To test whether p150Glued and kinesin function cooperatively at synapses, we investigated genetic interactions between khc8 and GlG38S. There is a dramatic enhancement of the GlG38S TB swelling and anti-HRP accumulation phenotypes at all NMJs in all segments when khc gene dosage is reduced by 50% (Figures 5F–G), and the severity of the khc8/+; GlG38S/+ phenotype is similar to the GlG38S homozygous phenotype. Furthermore, the distribution of anti-HRP localization within TBs of khc8/+; GlG38S NMJs is similar to the localization of KhcHead:GFP when it is expressed in wild-type motor neurons (Figure 2B). These data suggest that kinesin functions with p150 in TBs to coordinate bidirectional vesicle transport.

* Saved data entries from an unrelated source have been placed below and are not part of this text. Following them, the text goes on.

(* Let $n\ge 2$ and let $G$ be a graph on $2n+1$ vertices with at least $n^2+n$ edges that contains no two distinct vertices of the same degree joined by a path of length three. Let $\beta$ be the largest integer such that $G$ contains two distinct vertices of degree $\beta$. Then $\beta\le n+1$. Moreover, if $\beta=n+1$, then $G$ is isomorphic to $K_{n,n+1}$.
   Context: A path of length three joining vertices $a$ and $b$ is a path $a\,x\,y\,b$ with four distinct vertices and three edges. Graphs are finite and simple. *)

theory Defs
  imports Main
begin

definition simple_graph :: "'a set \<Rightarrow> ('a \<Rightarrow> 'a \<Rightarrow> bool) \<Rightarrow> bool" where
  "simple_graph V E \<longleftrightarrow> finite V \<and> (\<forall>x y. E x y \<longrightarrow> x \<in> V \<and> y \<in> V)
     \<and> (\<forall>x y. E x y \<longrightarrow> E y x) \<and> (\<forall>x. \<not> E x x)"

definition degree :: "'a set \<Rightarrow> ('a \<Rightarrow> 'a \<Rightarrow> bool) \<Rightarrow> 'a \<Rightarrow> nat" where
  "degree V E v = card {u \<in> V. E v u}"

definition edge_set :: "'a set \<Rightarrow> ('a \<Rightarrow> 'a \<Rightarrow> bool) \<Rightarrow> 'a set set" where
  "edge_set V E = {{x, y} | x y. x \<in> V \<and> y \<in> V \<and> E x y}"

definition path3 :: "('a \<Rightarrow> 'a \<Rightarrow> bool) \<Rightarrow> 'a \<Rightarrow> 'a \<Rightarrow> bool" where
  "path3 E a b \<longleftrightarrow> (\<exists>x y. distinct [a, x, y, b] \<and> E a x \<and> E x y \<and> E y b)"

definition graph_iso :: "'a set \<Rightarrow> ('a \<Rightarrow> 'a \<Rightarrow> bool) \<Rightarrow> 'b set \<Rightarrow> ('b \<Rightarrow> 'b \<Rightarrow> bool) \<Rightarrow> bool" where
  "graph_iso V E W F \<longleftrightarrow> (\<exists>f. bij_betw f V W \<and> (\<forall>x\<in>V. \<forall>y\<in>V. E x y \<longleftrightarrow> F (f x) (f y)))"

definition Kbip_V :: "nat \<Rightarrow> nat \<Rightarrow> (nat + nat) set" where
  "Kbip_V m k = Inl ` {..<m} \<union> Inr ` {..<k}"

definition Kbip_E :: "(nat + nat) \<Rightarrow> (nat + nat) \<Rightarrow> bool" where
  "Kbip_E u v \<longleftrightarrow> (isl u \<noteq> isl v)"

end

(*
  Let u, v be two vertices of degree beta >= n + 1. Since there is no path u x y v, no edge
  joins N(u) - {v} to N(v) - {u}. Split the other vertices into the private neighbourhoods
  P, Q, the common neighbourhood C and the rest W, and count ordered adjacent pairs (twice
  the number of edges) class by class; a vertex c of C has degree 2 + s(c), where s(c)
  counts its neighbours in W.

  If u ~ v, two vertices c, c' of C are joined by the path c u v c', so the s(c) are
  distinct and sum to at most |W|(|W| + 1)/2. The count then forces P = {} and
  |C| = |W| + 1 = n, so some c in C has degree n + 1 = beta, and u c' v c is a path.

  If u, v are not adjacent, |C| >= |W| + 3, so some value of s repeats. Let m be the
  largest repeated value, attained at c and c'. No edge joins the W-neighbourhoods of c
  and c' (it would give a path c x y c'), so W spans at most |W|^2 - m^2 ordered pairs,
  while the values of s above m are distinct. The count then forces beta = n + 1,
  P = Q = {}, m = |W| and W independent: C and the n vertices outside it form K_{n,n+1}.
*)
theory Submission
  imports Defs
begin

p150G38S Disrupts Retrograde Transport from Terminal Boutons and Synaptic Transmission
To directly investigate p150Glued-mediated regulation of retrograde transport at synaptic termini, we monitored dense core vesicle (DCV) retrograde transport at TBs in larvae overexpressing p150G38S. DCVs are more uniform in size than endosomes, and single vesicles can be imaged at the NMJ in real time using ANF:GFP as a marker (Levitan et al., 2007). Similar to what we observe for Rab7:GFP, overexpression of p150G38S causes a dramatic accumulation of DCVs at TBs (Figure 6A, top panels; and Figure 6B). Following photobleaching of wild-type (D42 driver alone) proximal NMJ boutons, individual DCVs rapidly exit the TB (Movie S4 and Figure 6A, bottom panels). Despite an ~10-fold increase in ANF:GFP fluorescence intensity at the terminal bouton in mutant animals (Figure 6B), ~3 fold fewer vesicles undergo retrograde transport from the terminal bouton (Movie S5 and Figure 6C). Similar effects are seen following overexpression of dominant-negative Glued (p150ΔC) using a novel imaging approach termed SPAIM (simultaneous photobleaching and imaging) (Wong et al., 2012) to specifically visualize retrograde vesicle transport at TBs (Figure 6C). These data directly demonstrate that disruption of dynactin inhibits retrograde transport of DCVs from TBs.
Figure 6
Figure 6
p150G38S Disrupts Retrograde Transport at TBs and Neurotransmitter Release
Terminal NMJ boutons in Drosophila, as compared to proximal boutons, exhibit markedly enhanced synaptic transmission (Guerrero et al., 2005). To determine if the disease-associated GlG38S mutation causes a defect in synaptic transmission, we performed electrophysiological analyses on GlG38S animals at the third-instar larval NMJ. GlG38S animals exhibit a significant reduction in the amplitude of evoked junctional potential (EJP) (Figures 6D–E), and this impairment in evoked synaptic transmission is fully rescued by presynaptic expression of wild-type p150. Therefore, this defect is due to loss of Glued function in motor neurons. We observe no change in the frequency or amplitude of miniature EJPs (mEJPs), showing that spontaneous neurotransmitter release is unaffected in GlG38S animals (Figures 6F–H). These results show that GlG38S animals have a reduction in the quantal content of evoked neurotransmitter release at the NMJ (Figure 6I), despite the presence of a normal number of synaptic boutons at these terminals.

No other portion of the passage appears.